_What the exercise asks:_
Copy every line of the data in which the word "assumes" occurs.

_Data listing:_
lemma add_subgroup_CDiv: "add_subgroup (CDiv n r v Sig)"
proof -
  have E: "add_subgroup (Elat n)" by (rule add_subgroup_Elat)
  have "\<forall>i\<in>S. (0 :: vec) i = dotp r 0 (v i)" for S
    by (simp add: dotp_def)
  then have "0 \<in> CDiv n r v Sig"
    using E unfolding CDiv_def add_subgroup_def by blast
  moreover have "x + y \<in> CDiv n r v Sig" if "x \<in> CDiv n r v Sig" "y \<in> CDiv n r v Sig" for x y
  proof -
    have "\<exists>m. \<forall>i\<in>S. (x + y) i = dotp r m (v i)" if S: "S \<in> Sig" for S
    proof -
      obtain m\<^sub>1 m\<^sub>2 where "\<forall>i\<in>S. x i = dotp r m\<^sub>1 (v i)" "\<forall>i\<in>S. y i = dotp r m\<^sub>2 (v i)"
        using \<open>x \<in> CDiv n r v Sig\<close> \<open>y \<in> CDiv n r v Sig\<close> S unfolding CDiv_def by blast
      then have "\<forall>i\<in>S. (x + y) i = dotp r (m\<^sub>1 + m\<^sub>2) (v i)" by (simp add: dotp_add_left)
      then show ?thesis by blast
    qed
    moreover have "x + y \<in> Elat n"
      using that E unfolding CDiv_def add_subgroup_def by blast
    ultimately show ?thesis unfolding CDiv_def by blast
  qed
  moreover have "- x \<in> CDiv n r v Sig" if "x \<in> CDiv n r v Sig" for x
  proof -
    have "\<exists>m. \<forall>i\<in>S. (- x) i = dotp r m (v i)" if S: "S \<in> Sig" for S
    proof -
      obtain m where "\<forall>i\<in>S. x i = dotp r m (v i)"
        using \<open>x \<in> CDiv n r v Sig\<close> S unfolding CDiv_def by blast
      then have "\<forall>i\<in>S. (- x) i = dotp r (- m) (v i)" by (simp add: dotp_uminus_left)
      then show ?thesis by blast
    qed
    moreover have "- x \<in> Elat n"
      using that E unfolding CDiv_def add_subgroup_def by blast
    ultimately show ?thesis unfolding CDiv_def by blast
  qed
  ultimately show ?thesis unfolding add_subgroup_def by blast
qed

lemma PstarM_subset_CDiv:
  assumes "Sig \<subseteq> Pow {..<n}"
  shows "PstarM n r v \<subseteq> CDiv n r v Sig"
proof
  fix x assume "x \<in> PstarM n r v"
  then obtain m where x: "x = (\<lambda>i. if i < n then dotp r m (v i) else 0)"
    unfolding PstarM_def by blast
  have "\<forall>i\<in>S. x i = dotp r m (v i)" if "S \<in> Sig" for S
    using assms that x by auto
  moreover have "x \<in> Elat n" unfolding Elat_def x by simp
  ultimately show "x \<in> CDiv n r v Sig" unfolding CDiv_def by blast
qed

lemma add_subgroup_Fsig_dual: "add_subgroup (Fsig_dual S)"
  unfolding add_subgroup_def Fsig_dual_def by auto

lemma add_subgroup_Psig_star_img: "add_subgroup (Psig_star_img r v S)"
  unfolding Psig_star_img_def
proof (rule add_subgroup_image)
  show "add_subgroup (Nsig_dual r v S)"
    unfolding add_subgroup_def Nsig_dual_def by (simp add: algebra_simps)
qed (auto simp: fun_eq_iff)

lemma character_in_Psig_star_img: "(\<lambda>i. if i \<in> S then dotp r m (v i) else 0) \<in> Psig_star_img r v S"
proof -
  have "dotp r m \<in> Nsig_dual r v S" unfolding Nsig_dual_def by (simp add: dotp_add)
  then show ?thesis unfolding Psig_star_img_def by blast
qed

lemma restr_add: "restr S (a + b) = restr S a + restr S b"
  by (auto simp: restr_def fun_eq_iff)

lemma restr_diff: "restr S (a - b) = restr S a - restr S b"
  by (auto simp: restr_def fun_eq_iff)

lemma restr_zero: "restr S 0 = 0"
  by (auto simp: restr_def fun_eq_iff)

lemma restr_in_Fsig_dual: "restr S a \<in> Fsig_dual S"
  unfolding restr_def Fsig_dual_def by auto

lemma pi_sig_coset:
  assumes "S \<subseteq> {..<n}"
  shows "pi_sig r v S ({a} + PstarM n r v) = {restr S a} + Psig_star_img r v S"
proof -
  have "restr S ` PstarM n r v \<subseteq> Psig_star_img r v S"
  proof
    fix x assume "x \<in> restr S ` PstarM n r v"
    then obtain m where "x = restr S (\<lambda>i. if i < n then dotp r m (v i) else 0)"
      unfolding PstarM_def by blast
    then have "x = (\<lambda>i. if i \<in> S then dotp r m (v i) else 0)"
      using assms by (auto simp: restr_def fun_eq_iff)
    then show "x \<in> Psig_star_img r v S" using character_in_Psig_star_img by simp
  qed
  moreover have "0 \<in> restr S ` PstarM n r v"
    using add_subgroup_PstarM[of n r v] restr_zero[of S] unfolding add_subgroup_def by (metis image_eqI)
  ultimately have "restr S ` PstarM n r v + Psig_star_img r v S = Psig_star_img r v S"
    by (rule subgroup_absorbs_subset[OF add_subgroup_Psig_star_img])
  moreover have "restr S ` ({a} + PstarM n r v) = {restr S a} + restr S ` PstarM n r v"
    by (simp add: singleton_plus_eq_image image_image restr_add)
  ultimately show ?thesis
    unfolding pi_sig_def by (simp add: add.assoc)
qed

lemma max_cones_cover:
  assumes "finite Sig" "S \<in> Sig"
  shows "\<exists>T\<in>max_cones Sig. S \<subseteq> T"
proof -
  obtain T where "T \<in> Sig" "S \<subseteq> T" "\<forall>T'\<in>Sig. T \<subseteq> T' \<longrightarrow> T = T'"
    using finite_has_maximal2[OF assms] by blast
  then have "T \<in> max_cones Sig" unfolding max_cones_def by auto
  with \<open>S \<subseteq> T\<close> show ?thesis by blast
qed

lemma minus_mod_in_Psig_star_img:
  assumes fin: "finite S" and a: "a \<in> Fsig_dual S"
    and dual: "\<And>j. j \<in> S \<Longrightarrow> \<forall>i\<in>S. dotp r (m j) (v i) = (if i = j then d j else 0)"
  shows "a - (\<lambda>i. if i \<in> S then a i mod d i else 0) \<in> Psig_star_img r v S"
proof -
  define phi where "phi x = (\<Sum>j\<in>S. (a j div d j) * dotp r (m j) x)" for x
  have "phi \<in> Nsig_dual r v S"
    unfolding Nsig_dual_def phi_def by (simp add: dotp_add distrib_left sum.distrib)
  moreover have "a - (\<lambda>i. if i \<in> S then a i mod d i else 0) = (\<lambda>i. if i \<in> S then phi (v i) else 0)"
  proof
    fix i show "(a - (\<lambda>i. if i \<in> S then a i mod d i else 0)) i = (if i \<in> S then phi (v i) else 0)"
    proof (cases "i \<in> S")
      case True
      have "phi (v i) = (\<Sum>j\<in>S. (a j div d j) * (if i = j then d j else 0))"
        unfolding phi_def using dual True by simp
      also have "\<dots> = a i - a i mod d i"
        using fin True by (simp add: if_distrib minus_mod_eq_div_mult cong: if_cong)
      finally show ?thesis using True by simp
    next
      case False
      then show ?thesis using a by (simp add: Fsig_dual_def)
    qed
  qed
  ultimately show ?thesis unfolding Psig_star_img_def by blast
qed

lemma finite_Ksig:
  assumes fin: "finite S" and "lin_indep_Q r v S" "\<forall>i\<in>S. \<forall>k\<ge>r. v i k = 0"
  shows "finite (Ksig r v S)"
proof -
  obtain d m where dm: "\<And>j. j \<in> S \<Longrightarrow> d j > 0 \<and> (\<forall>i\<in>S. dotp r (m j) (v i) = (if i = j then d j else 0))"
    using lin_indep_Q_dual_vector[OF assms] by metis
  define box where "box = {b :: vec. \<forall>i. (i \<in> S \<longrightarrow> b i \<in> (\<Union>j\<in>S. {0..<d j})) \<and> (i \<notin> S \<longrightarrow> b i = 0)}"
  have "finite box"
    unfolding box_def using fin by (intro finite_set_of_finite_funs) auto
  moreover have "Ksig r v S \<subseteq> (\<lambda>b. {b} + Psig_star_img r v S) ` box"
  proof
    fix X assume "X \<in> Ksig r v S"
    then obtain a where a: "a \<in> Fsig_dual S" "X = {a} + Psig_star_img r v S"
      unfolding Ksig_def cosets_def by blast
    define b where "b i = (if i \<in> S then a i mod d i else 0)" for i
    have "a - b \<in> Psig_star_img r v S"
      unfolding b_def using minus_mod_in_Psig_star_img[OF fin a(1)] dm by blast
    then have "X = {b} + Psig_star_img r v S"
      using a(2) coset_eq_iff[OF add_subgroup_Psig_star_img] by blast
    moreover have "b \<in> box"
      unfolding box_def b_def using dm by (auto intro: pos_mod_bound)
    ultimately show "X \<in> (\<lambda>b. {b} + Psig_star_img r v S) ` box" by blast
  qed
  ultimately show ?thesis by (rule finite_surj)
qed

_Output for this exercise:_
  assumes "Sig \<subseteq> Pow {..<n}"
  assumes "S \<subseteq> {..<n}"
  assumes "finite Sig" "S \<in> Sig"
  assumes fin: "finite S" and a: "a \<in> Fsig_dual S"
  assumes fin: "finite S" and "lin_indep_Q r v S" "\<forall>i\<in>S. \<forall>k\<ge>r. v i k = 0"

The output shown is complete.